The 2013 competition was a call for action to stormproof cities, ecosystems and social structures; to combine engineering and quality-of-life design to sustain the existence of future generations. Low-income housing communities in cities around the word are frequently in areas prone to natural disaster. As the effects of climate shift worsen these areas need to be storm-proofed by establishing a link between existing social structure and innovative design. ONE Prize 2013 was a call to deploy sophisticated design to alleviate storm impact through various urban interventions such as protective green spaces, barrier shorelines, alternative housing, waterproofing technology, and public space solutions.

The ONE Prize 2012 competition was powered by the idea that social, ecological, and economic struggles can simultaneously be addressed through collaborative action and innovative design. Situated in the context of a struggling U.S. economy and the tension of stagnant unemployment, ONE Prize 2012 was a call to put design in the service of the community, to reinvigorate deindustrialized and depressed urban areas, and to repurpose spaces for economic growth and job creation. It aimed to explore the socially, economically, and ecologically regenerative possibilities of urban transformation and design.

2011, Water as the 6thBorough, competition turned its focus to New York and its waterways, concentrating on recreational space, public transportation, local industry, and the native environment in the city. Contestants responded to the design brief with a great diversity of strategies, with waterfront farmers markets, parkways, playgrounds, and expo sites, five-borough local and express ferry loops, floating marine habitats, on-river shops, parks, wind farms, and even an airport, floating exhibition halls, recreational and commuter barges, oyster, fish, and shrimp farms, and interlinked bike share, car share, and ferry transit hubs.

The inaugural competition in 2010, From Mowing to Growing: Reinventing the American Lawn, was launched the context of larger issues concerning the environment, global food production and the imperative to generate a sense of community in our urban and suburban neighborhoods. From Mowing to Growing was not meant to transform each lawn into a garden, but to open us up to the possibilities of self-sustenance, organic growth, and perpetual change. In particular, we sought specific technical, urbanistic, and architectural strategies not simply for the food production required to feed the cities and suburbs, but the possibilities of diet, agriculture, and retrofitted facilities that could achieve that level within the constraints of the local climate.

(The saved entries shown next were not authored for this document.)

lemma rayleigh_maximizer_is_eigenvector:
  fixes M :: "real^'n^'n"
  assumes sym: "transpose M = M" and U: "subspace U" and inv: "\<And>w. w \<in> U \<Longrightarrow> M *v w \<in> U"
    and z: "z \<in> U" "z \<bullet> z = 1"
    and max: "\<And>w. w \<in> U \<Longrightarrow> w \<bullet> (M *v w) \<le> (z \<bullet> (M *v z)) * (w \<bullet> w)"
  shows "M *v z = (z \<bullet> (M *v z)) *\<^sub>R z"
proof -
  define l where "l = z \<bullet> (M *v z)"
  define Q where "Q u = l * (u \<bullet> u) - u \<bullet> (M *v u)" for u
  \<comment> \<open>\<open>Q \<ge> 0\<close> on \<open>U\<close> and \<open>Q z = 0\<close>; for this \<open>w\<close> the cross term of \<open>Q (z + t w)\<close> is \<open>2 t |w|\<^sup>2\<close>.\<close>
  define w where "w = l *\<^sub>R z - M *v z"
  have "w \<in> U"
    unfolding w_def using U z inv by (simp add: subspace_diff subspace_scale)
  have "0 \<le> 2 * t * (w \<bullet> w) + t\<^sup>2 * Q w" for t
  proof -
    have "z + t *\<^sub>R w \<in> U"
      using U z \<open>w \<in> U\<close> by (simp add: subspace_add subspace_scale)
    hence "0 \<le> Q (z + t *\<^sub>R w)"
      using max unfolding Q_def l_def by simp
    also have "Q (z + t *\<^sub>R w) = Q z + 2 * t * (w \<bullet> w) + t\<^sup>2 * Q w"
      using symmetric_matrix_inner[OF sym, of z w]
      unfolding Q_def w_def
      by (simp add: algebra_simps inner_commute power2_eq_square)
    also have "Q z = 0"
      unfolding Q_def l_def using z by simp
    finally show ?thesis by simp
  qed
  hence "w \<bullet> w = 0"
    by (rule linear_coeff_zero_if_quadratic_nonneg)
  thus ?thesis
    unfolding w_def l_def by simp
qed

lemma symmetric_invariant_subspace_has_eigenvector:
  fixes M :: "real^'n^'n"
  assumes sym: "transpose M = M" and U: "subspace U" and inv: "\<And>w. w \<in> U \<Longrightarrow> M *v w \<in> U"
    and "U \<noteq> {0}"
  obtains v l where "v \<in> U" "v \<noteq> 0" "M *v v = l *\<^sub>R v"
proof -
  define S where "S = U \<inter> sphere 0 1"
  have "compact S"
    unfolding S_def using closed_subspace[OF U] by (metis Int_commute compact_Int_closed compact_sphere)
  obtain u where "u \<in> U" "u \<noteq> 0"
    using \<open>U \<noteq> {0}\<close> subspace_0[OF U] by blast
  hence "u /\<^sub>R norm u \<in> S"
    unfolding S_def using U by (simp add: subspace_scale)
  hence "S \<noteq> {}" by auto
  moreover have "continuous_on S (\<lambda>w. w \<bullet> (M *v w))"
    by (intro continuous_intros linear_continuous_on matrix_vector_mul_bounded_linear)
  ultimately obtain z where "z \<in> S" and zmax: "\<And>w. w \<in> S \<Longrightarrow> w \<bullet> (M *v w) \<le> z \<bullet> (M *v z)"
    using continuous_attains_sup[OF \<open>compact S\<close>] by blast
  have "z \<in> U" "z \<bullet> z = 1"
    using \<open>z \<in> S\<close> unfolding S_def by (auto simp: dot_square_norm)
  have "w \<bullet> (M *v w) \<le> (z \<bullet> (M *v z)) * (w \<bullet> w)" if "w \<in> U" for w
  proof (cases "w = 0")
    case False
    define r where "r = norm w"
    have "w /\<^sub>R r \<in> S"
      unfolding S_def r_def using that False U by (simp add: subspace_scale)
    hence "(w /\<^sub>R r) \<bullet> (M *v (w /\<^sub>R r)) \<le> z \<bullet> (M *v z)"
      by (rule zmax)
    hence "(w \<bullet> (M *v w)) / r\<^sup>2 \<le> z \<bullet> (M *v z)"
      by (simp add: matrix_vector_mult_scaleR power2_eq_square divide_inverse mult.commute mult.left_commute)
    moreover have "w \<bullet> w = r\<^sup>2" and "r > 0"
      unfolding r_def using False by (auto simp: dot_square_norm)
    ultimately show ?thesis
      by (simp add: divide_le_eq mult.commute)
  qed simp
  hence "M *v z = (z \<bullet> (M *v z)) *\<^sub>R z"
    using rayleigh_maximizer_is_eigenvector[OF sym U inv \<open>z \<in> U\<close> \<open>z \<bullet> z = 1\<close>] by blast
  moreover have "z \<noteq> 0"
    using \<open>z \<bullet> z = 1\<close> by auto
  ultimately show thesis
    using that \<open>z \<in> U\<close> by blast
qed

lemma orthogonal_to_all_eigenvectors_imp_zero:
  fixes M :: "real^'n^'n"
  assumes sym: "transpose M = M" and z: "\<And>\<mu> v. M *v v = \<mu> *\<^sub>R v \<Longrightarrow> z \<bullet> v = 0"
  shows "z = 0"
proof (rule ccontr)
  assume "z \<noteq> 0"
  define U where "U = {u. \<forall>\<mu> v. M *v v = \<mu> *\<^sub>R v \<longrightarrow> u \<bullet> v = 0}"
  have "subspace U"
    unfolding subspace_def U_def by (auto simp: inner_add_left) (metis add.right_neutral)
  moreover have "M *v u \<in> U" if "u \<in> U" for u
    using that unfolding U_def by (fastforce simp: symmetric_matrix_inner[OF sym])
  moreover have "U \<noteq> {0}"
    using z \<open>z \<noteq> 0\<close> unfolding U_def by blast
  ultimately obtain v l where "v \<in> U" "v \<noteq> 0" "M *v v = l *\<^sub>R v"
    using symmetric_invariant_subspace_has_eigenvector[OF sym] by metis
  hence "v \<bullet> v = 0"
    unfolding U_def by blast
  with \<open>v \<noteq> 0\<close> show False by simp
qed

lemma subspace_eigenspace: "subspace (eigenspace M \<theta>)"
  unfolding subspace_def eigenspace_def
  by (simp add: matrix_vector_right_distrib matrix_vector_mult_scaleR scaleR_add_right)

In the five years of running, the ONE Prize Competition was an overwhelming success. The competition announcements were published in 2,406 magazines, websites and blogs and it was translated into 18 different languages. The One Prize Jury contained the Speaker of the City Council, two NYC commissioners, NYSERDA director, the presidents of nonprofit & environmental organizations, leading designers, and academics. 586 teams and 4,256 team members, representing 22 different countries submitted their work. The ONE Prize Competition captured the imagination of the design community from around the world. The ability to provide cash awards to the winners played an important part in achieving the desired impact. Over the five years, Terreform ONE raised and distributed $65,000 of prize money. Congratulations to all of the ONE Prize winners!